That's what a friend said to me at the end of the historic LOGO debates.
I was fuming about the lack of content. I watched Obama side-step the issue of homophobia in the black community. I watched Edwards recommit to his stance against gay marriage while looking like he was about to wiggle out of his seat in discomfort.
When Obama had the audacity to tell Joe Solomnese that the difference between civil unions and marriage was merely "semantics," I thought I was going to throw my shoe at the television.
My friend's simple statement brought me back.
We asked. We asked the questions. Regardless of the answers, the political pandering, for the first time in history, presidential candidates answered questions from the LGBT community.
Not only were gays and lesbians addressed? But issues facing the transgender community, too. John Edwards stumbled and bumbled around the question about how to help someone who was transgender, but it was asked.
Civil rights for the LGBT community will have to come many shapes and forms. It's going to take pulling together a lot of people and listening to everyone's needs. We are all races, all genders, and all socio-economic levels. Obama didn't quite grasp that reality when he pointed out he would not have chosen interracial marriage as a cornerstone of the civil rights movement in the 1960s.
Marriage is an issue that -- for better or worse (pardon the pun) -- covers a great deal of concerns AND is something so traditional, so basic in heterosexuals lives, it could be packaged in a way to appeal to a wide section of voters. You know, puppies, kittens and lesbians with babies. It's hard to hate babies. When you pick white, middle-class lesbians? You have a shot.
In Massachusetts? We won.
I love those white, middle-class lesbians who put themselves out there. Was it perfect? No. It was, however, the first step. A huge first step. Did anyone believe -- really believe -- we'd ever get this passed in any state?
We asked. We got it.
Marriage equality is much more than state level tax breaks; it is health insurance, hospital visitation rights, and the recognition we are a family no matter what. Marriage has years of legal precedents that go with it -- can you imagine our current government ever being able to draft a separate but equal institution?

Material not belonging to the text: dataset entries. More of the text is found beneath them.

(* Let $r\ge0$ be an integer, $\lambda\ge0$, $\theta^*,\epsilon\in\mathbb{R}^n$ and $y=\theta^*+\epsilon$. Let $\hat\theta^{(r,\lambda)}$ be any $r$th order Minmax Trend Filtering estimator computed from $y$ with tuning parameter $\lambda$. Then for every $i\in[n]$, $$\max_{J\in\mathcal{I}:\, i\in J}\Big(\mathrm{Bias}^{(r)}_-(i,J,\theta^* )-SE^{(r)}(i,J,\lambda)\Big)\le \hat\theta^{(r,\lambda)}_i-\theta^*_i\le \min_{J\in\mathcal{I}:\, i\in J}\Big(\mathrm{Bias}^{(r)}_+(i,J,\theta^* )+SE^{(r)}(i,J,\lambda)\Big).$$
   Context: $[n]=\{1,\dots,n\}$; an interval is $[a:b]=\{a,\dots,b\}$, $1\le a\le b\le n$; $\mathcal{I}$ is the set of all intervals; $v_I$ is the restriction of $v$ to $I$. For an interval $I=[a:b]$, $P^{(|I|,r)}$ is the orthogonal projection matrix in $\mathbb{R}^{|I|}$ onto $\{(p(a/n),\dots,p(b/n)): p \text{ a real polynomial of degree}\le r\}$ (this depends only on $|I|$); for $i\in I$, $(P^{(|I|,r)}v_I)_i$ is the entry of $P^{(|I|,r)}v_I$ at the position of $i$. For intervals $I\subseteq J=[j_1:j_2]$: $C_{I,J}=1$ if $I\cap\{j_1,j_2\}=\emptyset$, $C_{I,J}=-1$ if $I=J$, $C_{I,J}=0$ otherwise. An $r$th order Minmax Trend Filtering estimator with tuning $\lambda\ge0$ is any $\hat\theta\in\mathbb{R}^n$ such that for every $i$, $\max_{J\in\mathcal{I}: i\in J}\min_{I\in\mathcal{I}: i\in I\subseteq J}[(P^{(|I|,r)}y_I)_i+\lambda C_{I,J}/|I|]\le\hat\theta_i\le\min_{J\in\mathcal{I}: i\in J}\max_{I\in\mathcal{I}: i\in I\subseteq J}[(P^{(|I|,r)}y_I)_i-\lambda C_{I,J}/|I|]$. Biases: $\mathrm{Bias}^{(r)}_+(i,J,\theta^* )=\max_{I\in\mathcal{I}: i\in I\subseteq J}[(P^{(|I|,r)}\theta^*_I)_i-\theta^*_i]$ and $\mathrm{Bias}^{(r)}_-(i,J,\theta^* )=\min_{I\in\mathcal{I}: i\in I\subseteq J}[(P^{(|I|,r)}\theta^*_I)_i-\theta^*_i]$. Effective noise: $M^{(r)}=\max_{I\in\mathcal{I}}\big[\|P^{(|I|,r)}\epsilon_I\|_\infty\sqrt{|I|}\big]$. For $J=[j_1:j_2]\ni i$, $\mathrm{Dist}(i,\partial J)=\min\{i-j_1+1,\ j_2-i+1\}$, and $SE^{(r)}(i,J,\lambda)=\frac{M^{(r)}}{\sqrt{\mathrm{Dist}(i,\partial J)}}+\frac{M^{(r)}}{\sqrt{|J|}}+\frac{(M^{(r)})^2}{4\lambda}+\frac{\lambda}{|J|}$ (with $(M^{(r)})^2/(4\cdot 0)=+\infty$). *)

theory Defs
  imports Complex_Main "HOL-Computational_Algebra.Polynomial" "HOL-Library.Extended_Real"
begin

text \<open>Vectors in R^n are functions nat => real; only the entries 1..n matter.
  An interval [a:b] is the pair (a,b) with 1 <= a <= b <= n.\<close>

type_synonym ivl = "nat \<times> nat"

definition intervals :: "nat \<Rightarrow> ivl set" where
  "intervals n = {(a,b). 1 \<le> a \<and> a \<le> b \<and> b \<le> n}"

definition ivl_set :: "ivl \<Rightarrow> nat set" where
  "ivl_set I = {fst I..snd I}"

definition ivl_card :: "ivl \<Rightarrow> nat" where
  "ivl_card I = snd I + 1 - fst I"

definition polyspace :: "nat \<Rightarrow> nat \<Rightarrow> ivl \<Rightarrow> (nat \<Rightarrow> real) set" where
  "polyspace n r I = {w. \<exists>p :: real poly. degree p \<le> r \<and>
      (\<forall>k. w k = (if k \<in> ivl_set I then poly p (real k / real n) else 0))}"

text \<open>(P^{(|I|,r)} v_I)_i : the entry at position i of the orthogonal projection
  of v_I onto the polynomial space (w is the projection iff w lies in the
  space and v_I - w is orthogonal to the space).\<close>
definition projfit :: "nat \<Rightarrow> nat \<Rightarrow> (nat \<Rightarrow> real) \<Rightarrow> ivl \<Rightarrow> nat \<Rightarrow> real" where
  "projfit n r v I i = (THE w. w \<in> polyspace n r I \<and>
      (\<forall>u \<in> polyspace n r I. (\<Sum>k\<in>ivl_set I. (v k - w k) * u k) = 0)) i"

definition Cfun :: "ivl \<Rightarrow> ivl \<Rightarrow> real" where
  "Cfun I J = (if fst J \<notin> ivl_set I \<and> snd J \<notin> ivl_set I then 1
               else if I = J then -1 else 0)"

definition ivls_at :: "nat \<Rightarrow> nat \<Rightarrow> ivl set" where
  "ivls_at n i = {J \<in> intervals n. i \<in> ivl_set J}"

definition subivls_at :: "nat \<Rightarrow> nat \<Rightarrow> ivl \<Rightarrow> ivl set" where
  "subivls_at n i J = {I \<in> intervals n. i \<in> ivl_set I \<and> ivl_set I \<subseteq> ivl_set J}"

definition is_minmax_TF :: "nat \<Rightarrow> nat \<Rightarrow> real \<Rightarrow> (nat \<Rightarrow> real) \<Rightarrow> (nat \<Rightarrow> real) \<Rightarrow> bool" where
  "is_minmax_TF n r lam y th \<longleftrightarrow> (\<forall>i \<in> {1..n}.
     (MAX J \<in> ivls_at n i. MIN I \<in> subivls_at n i J.
         projfit n r y I i + lam * Cfun I J / real (ivl_card I)) \<le> th i \<and>
     th i \<le> (MIN J \<in> ivls_at n i. MAX I \<in> subivls_at n i J.
         projfit n r y I i - lam * Cfun I J / real (ivl_card I)))"

definition bias_plus :: "nat \<Rightarrow> nat \<Rightarrow> nat \<Rightarrow> ivl \<Rightarrow> (nat \<Rightarrow> real) \<Rightarrow> real" where
  "bias_plus n r i J th = (MAX I \<in> subivls_at n i J. projfit n r th I i - th i)"

definition bias_minus :: "nat \<Rightarrow> nat \<Rightarrow> nat \<Rightarrow> ivl \<Rightarrow> (nat \<Rightarrow> real) \<Rightarrow> real" where
  "bias_minus n r i J th = (MIN I \<in> subivls_at n i J. projfit n r th I i - th i)"

definition sup_norm_on :: "(nat \<Rightarrow> real) \<Rightarrow> ivl \<Rightarrow> real" where
  "sup_norm_on v I = (MAX k \<in> ivl_set I. \<bar>v k\<bar>)"

definition eff_noise :: "nat \<Rightarrow> nat \<Rightarrow> (nat \<Rightarrow> real) \<Rightarrow> real" where
  "eff_noise n r eps = (MAX I \<in> intervals n.
      sup_norm_on (projfit n r eps I) I * sqrt (real (ivl_card I)))"

definition dist_bd :: "nat \<Rightarrow> ivl \<Rightarrow> nat" where
  "dist_bd i J = min (i + 1 - fst J) (snd J + 1 - i)"

text \<open>SE as an extended real; the term M^2/(4 lambda) is +infinity when lambda = 0.\<close>
definition SE :: "nat \<Rightarrow> nat \<Rightarrow> (nat \<Rightarrow> real) \<Rightarrow> nat \<Rightarrow> ivl \<Rightarrow> real \<Rightarrow> ereal" where
  "SE n r eps i J lam =
     ereal (eff_noise n r eps / sqrt (real (dist_bd i J))
            + eff_noise n r eps / sqrt (real (ivl_card J))
            + lam / real (ivl_card J))
     + (if lam = 0 then \<infinity> else ereal ((eff_noise n r eps)\<^sup>2 / (4 * lam)))"

end

theory Submission
  imports Defs
begin

text \<open>Fix \<open>J \<ni> i\<close>. The estimator lies below the maximum over \<open>i \<in> I \<subseteq> J\<close> of
  \<open>(P y\<^sub>I)\<^sub>i - \<lambda> C\<^sub>I\<^sub>,\<^sub>J / |I|\<close>, so it suffices to bound each of these terms. Since the
  projection is linear, \<open>(P y\<^sub>I)\<^sub>i - \<theta>\<^sub>i\<close> splits into the bias \<open>(P \<theta>\<^sub>I)\<^sub>i - \<theta>\<^sub>i \<le> Bias\<^sub>+\<close> and the
  noise \<open>(P \<epsilon>\<^sub>I)\<^sub>i \<le> M / \<surd>|I|\<close>. The penalty pays for the noise: if \<open>I\<close> avoids both endpoints
  of \<open>J\<close>, then \<open>M / \<surd>|I| - \<lambda> / |I| \<le> M\<^sup>2 / (4\<lambda>)\<close>; if \<open>I = J\<close>, the penalty costs \<open>\<lambda> / |J|\<close>;
  otherwise \<open>I\<close> contains \<open>i\<close> and an endpoint of \<open>J\<close>, so \<open>|I| \<ge> Dist(i, \<partial>J)\<close>. The lower
  bound is symmetric. That the projections exist (they are defined by a definite
  description) follows by Gram-Schmidt, adjoining one monomial at a time.\<close>

definition inner_on :: "'a set \<Rightarrow> ('a \<Rightarrow> real) \<Rightarrow> ('a \<Rightarrow> real) \<Rightarrow> real" where
  "inner_on A f g = (\<Sum>k\<in>A. f k * g k)"

definition orth_proj_on :: "'a set \<Rightarrow> ('a \<Rightarrow> real) set \<Rightarrow> ('a \<Rightarrow> real) \<Rightarrow> ('a \<Rightarrow> real) \<Rightarrow> bool" where
  "orth_proj_on A S v w \<longleftrightarrow> w \<in> S \<and> (\<forall>u\<in>S. inner_on A (\<lambda>k. v k - w k) u = 0)"

definition lin_closed :: "('a \<Rightarrow> real) set \<Rightarrow> bool" where
  "lin_closed S \<longleftrightarrow> (\<forall>x\<in>S. \<forall>y\<in>S. \<forall>a c. (\<lambda>k. a * x k + c * y k) \<in> S)"

lemma inner_on_self_eq_0_iff:
  assumes "finite A"
  shows "inner_on A f f = 0 \<longleftrightarrow> (\<forall>k\<in>A. f k = 0)"
  using assms by (simp add: inner_on_def sum_nonneg_eq_0_iff)

lemma orth_proj_on_unique:
  assumes "finite A" "lin_closed S" "\<forall>w\<in>S. \<forall>k. k \<notin> A \<longrightarrow> w k = 0"
    and "orth_proj_on A S v w1" "orth_proj_on A S v w2"
  shows "w1 = w2"
proof -
  define d where "d = (\<lambda>k. 1 * w1 k + (-1) * w2 k)"
  have "d \<in> S"
    using assms(2,4,5) unfolding d_def lin_closed_def orth_proj_on_def by blast
  then have "inner_on A (\<lambda>k. v k - w2 k) d - inner_on A (\<lambda>k. v k - w1 k) d = 0"
    using assms(4,5) by (simp add: orth_proj_on_def)
  then have "inner_on A d d = 0"
    by (simp add: inner_on_def d_def sum_subtractf[symmetric] algebra_simps)
  then have "\<forall>k\<in>A. w1 k = w2 k"
    using assms(1) by (simp add: inner_on_self_eq_0_iff d_def)
  moreover have "\<forall>k. k \<notin> A \<longrightarrow> w1 k = w2 k"
    using assms(3,4,5) unfolding orth_proj_on_def by metis
  ultimately show ?thesis by blast
qed

lemma orth_proj_on_add:
  assumes "lin_closed S" "orth_proj_on A S a wa" "orth_proj_on A S b wb"
  shows "orth_proj_on A S (\<lambda>k. a k + b k) (\<lambda>k. wa k + wb k)"
proof -
  have "(\<lambda>k. 1 * wa k + 1 * wb k) \<in> S"
    using assms unfolding lin_closed_def orth_proj_on_def by blast
  moreover have "inner_on A (\<lambda>k. a k + b k - (wa k + wb k)) u
      = inner_on A (\<lambda>k. a k - wa k) u + inner_on A (\<lambda>k. b k - wb k) u" for u
    by (simp add: inner_on_def sum.distrib[symmetric] algebra_simps)
  ultimately show ?thesis
    using assms(2,3) by (simp add: orth_proj_on_def)
qed

text \<open>Gram-Schmidt: correct the projection of \<open>v\<close> onto \<open>S\<close> along the component \<open>b'\<close> of
  \<open>b\<close> orthogonal to \<open>S\<close>. If \<open>b'\<close> vanishes on \<open>A\<close>, then \<open>t = 0\<close> since \<open>x / 0 = 0\<close>, and the same
  witness still works.\<close>
lemma orth_proj_on_extend:
  assumes "finite A" "lin_closed S" and proj: "\<And>v. \<exists>w. orth_proj_on A S v w"
  shows "\<exists>w. orth_proj_on A {\<lambda>k. w k + c * b k | w c. w \<in> S} v w"
proof -
  let ?S' = "{\<lambda>k. w k + c * b k | w c. w \<in> S}"
  obtain Pb where Pb: "orth_proj_on A S b Pb" using proj by blast
  obtain Pv where Pv: "orth_proj_on A S v Pv" using proj by blast
  define b' where "b' = (\<lambda>k. b k - Pb k)"
  define t where "t = inner_on A (\<lambda>k. v k - Pv k) b' / inner_on A b' b'"
  define w where "w = (\<lambda>k. Pv k + t * b' k)"
  have b'_orth: "inner_on A b' u = 0" if "u \<in> S" for u
    using Pb that by (simp add: orth_proj_on_def b'_def)
  have t: "t * inner_on A b' b' = inner_on A (\<lambda>k. v k - Pv k) b'"
  proof (cases "inner_on A b' b' = 0")
    case True
    then have "\<forall>k\<in>A. b' k = 0"
      using assms(1) by (simp add: inner_on_self_eq_0_iff)
    then show ?thesis
      using True by (simp add: inner_on_def)
  qed (simp add: t_def)
  have "(\<lambda>k. 1 * Pv k + (- t) * Pb k) \<in> S"
    using assms(2) Pv Pb unfolding lin_closed_def orth_proj_on_def by blast
  then have "w \<in> ?S'"
    by (intro CollectI exI[of _ "\<lambda>k. 1 * Pv k + (- t) * Pb k"] exI[of _ t])
       (auto simp: w_def b'_def algebra_simps)
  moreover have "inner_on A (\<lambda>k. v k - w k) u' = 0" if "u' \<in> ?S'" for u'
  proof -
    obtain u c where u: "u \<in> S" "u' = (\<lambda>k. u k + c * b k)" using \<open>u' \<in> ?S'\<close> by blast
    define u'' where "u'' = (\<lambda>k. 1 * u k + c * Pb k)"
    have "u'' \<in> S"
      using assms(2) u(1) Pb unfolding u''_def lin_closed_def orth_proj_on_def by blast
    have "inner_on A (\<lambda>k. v k - w k) u' = inner_on A (\<lambda>k. v k - Pv k) u'' - t * inner_on A b' u''
        + c * (inner_on A (\<lambda>k. v k - Pv k) b' - t * inner_on A b' b')"
      by (simp add: inner_on_def u(2) u''_def w_def b'_def algebra_simps sum.distrib
          sum_subtractf sum_distrib_left)
    then show ?thesis
      using t b'_orth[OF \<open>u'' \<in> S\<close>] Pv \<open>u'' \<in> S\<close> by (simp add: orth_proj_on_def)
  qed
  ultimately show ?thesis unfolding orth_proj_on_def by blast
qed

I was disappointed by most of the responses in the debate. Gravel and Kucinich? Made me feel like wanting rights was a far out fringe request. When I put my kids to bed? I don't feel like a lesbian activist. I feel like a mom.
The debate was like so many I've watched. Politicians mugging, smiling, trying to say the right thing. Bright camera lights. Elusive answers that lead to applause even when the crowd has no idea why they are applauding.

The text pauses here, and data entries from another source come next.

lemma ladder_speed_deriv_pos:
  assumes "0 < a" "a < 1" "1 < b" "a*b^2 \<le> 1"
  shows "\<exists>D. DERIV (ladder_speed a) b :> D \<and> 0 < D"
proof -
  have "a*b < a*b^2"
    using assms by (simp add: power2_eq_square)
  then have "a*b < 1"
    using assms(4) by linarith
  then have b: "1 < b" "b < 1/a"
    using assms by (simp_all add: field_simps)
  let ?f = "ladder_inv_speed a b" and ?N = "ladder_deriv_numer a b"
    and ?Q = "(1+a)*((b-1)^2*(1-a*b)^2*(b-a)^2*(b-a^2)^2)"
  have "0 < ?Q"
    using assms ladder_param_bounds[OF assms(1,2) b] by simp
  then have "?N / ?Q < 0"
    using ladder_deriv_numer_neg[OF assms(1,3,4)] by (simp add: divide_neg_pos)
  moreover have "0 < ?f"
    using ladder_inv_speed_pos[OF assms(1,2) b] .
  ultimately have "0 < (0 * ?f - 1 * (?N / ?Q)) / (?f * ?f)"
    by (intro divide_pos_pos) auto
  moreover have "DERIV (ladder_speed a) b :> (0 * ?f - 1 * (?N / ?Q)) / (?f * ?f)"
    unfolding ladder_speed_def[abs_def]
    by (rule DERIV_divide[OF DERIV_const ladder_inv_speed_deriv[OF assms(1,2) b]])
      (use \<open>0 < ?f\<close> in simp)
  ultimately show ?thesis
    by blast
qed

lemma ladder_speed_isCont:
  assumes "0 < a" "a < 1" "1 < b" "b < 1/a"
  shows "isCont (ladder_speed a) b"
  unfolding ladder_speed_def[abs_def]
  using DERIV_isCont[OF ladder_inv_speed_deriv[OF assms]] ladder_inv_speed_pos[OF assms]
  by (intro continuous_intros) auto

lemma inv_sqrt_bounds:
  fixes a :: real
  assumes "0 < a" "a < 1"
  shows "1 < 1 / sqrt a" "1 / sqrt a < 1/a" "a * (1 / sqrt a)^2 = 1"
proof -
  have "0 < sqrt a" "sqrt a < 1" using assms by auto
  moreover have "sqrt a * sqrt a = a" using assms by simp
  ultimately have "a < sqrt a"
    using mult_strict_left_mono[of "sqrt a" 1 "sqrt a"] by simp
  with \<open>0 < sqrt a\<close> \<open>sqrt a < 1\<close> assms show "1 < 1 / sqrt a" "1 / sqrt a < 1/a"
    by (simp_all add: field_simps)
  show "a * (1 / sqrt a)^2 = 1"
    using assms by (simp add: power_divide)
qed

theorem mainTheorem5:
  fixes \<alpha> :: real
  assumes "0 < \<alpha>" and "\<alpha> < 1"
  shows "(\<exists>D. (ladder_speed \<alpha> has_real_derivative D) (at (1 / sqrt \<alpha>)) \<and> D > 0)
       \<and> (\<exists>\<beta>m\<in>{1<..<1/\<alpha>}. \<forall>\<beta>\<in>{1<..<1/\<alpha>}. ladder_speed \<alpha> \<beta> \<le> ladder_speed \<alpha> \<beta>m)
       \<and> (\<forall>\<beta>m\<in>{1<..<1/\<alpha>}. (\<forall>\<beta>\<in>{1<..<1/\<alpha>}. ladder_speed \<alpha> \<beta> \<le> ladder_speed \<alpha> \<beta>m)
             \<longrightarrow> 1 / sqrt \<alpha> < \<beta>m)"
proof -
  define c where "c = 1 / sqrt \<alpha>"
  have c: "1 < c" "c < 1/\<alpha>" "\<alpha> * c^2 = 1"
    using inv_sqrt_bounds[OF assms] unfolding c_def by auto
  have deriv_pos: "\<exists>D. DERIV (ladder_speed \<alpha>) b :> D \<and> 0 < D" if "1 < b" "b \<le> c" for b
  proof -
    have "\<alpha> * b^2 \<le> \<alpha> * c^2"
      using that assms by (intro mult_left_mono power_mono) auto
    then show ?thesis
      using ladder_speed_deriv_pos[OF assms \<open>1 < b\<close>] c(3) by simp
  qed
  have left: "ladder_speed \<alpha> b \<le> ladder_speed \<alpha> c" if "b \<in> {1<..c}" for b
    using DERIV_pos_imp_increasing[of b c "ladder_speed \<alpha>"] deriv_pos that
    by (cases "b = c") (auto intro: less_imp_le)
  obtain D where D: "DERIV (ladder_speed \<alpha>) c :> D" "0 < D"
    using deriv_pos c by blast
  have "0 < ladder_speed \<alpha> c"
    unfolding ladder_speed_def using ladder_inv_speed_pos[OF assms c(1,2)] by simp
  then have right: "eventually (\<lambda>b. ladder_speed \<alpha> b \<le> ladder_speed \<alpha> c) (at_left (1/\<alpha>))"
    by (rule eventually_ladder_speed_le_at_left[OF assms])
  have cont: "isCont (ladder_speed \<alpha>) b" if "b \<in> {1<..<1/\<alpha>}" for b
    using ladder_speed_isCont[OF assms] that by simp
  show ?thesis
    using D continuous_Ioo_attains_sup[OF c(1,2) cont left right]
      maximizer_gt_of_deriv_pos[OF c(2) D left]
    unfolding c_def by blast
qed

end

My friend asked, could you even imagine this happening seven years ago? Which, historically speaking, is a nanosecond.
Last night, Obama gave political double talk, Edwards squirmed, Clinton gave the same kind of political strategy talk that I heard in the gay and lesbian community when seven plaintiff couples walked into Boston City Hall and asked for marriage license applications. Can't be done, get what you can, work the system...
I'm grateful they didn't listen. Sometimes playing nice and within the rules gives the powers that be the sense that they can pat you on the head and say, not now.
I'm not even going to discuss Richardson. Did anyone mention to that man he was walking into a room full of LGBT folks?
Last night? We asked. We asked about marriage, we asked about hate crimes legislation, we asked about the employment act, we asked about the ridiculous military "Don't Ask, Don't Tell" policy, health care protection and programs in school settings that allow our families to be discussed.
Because ultimately? If you don't ask, you're never going to get it.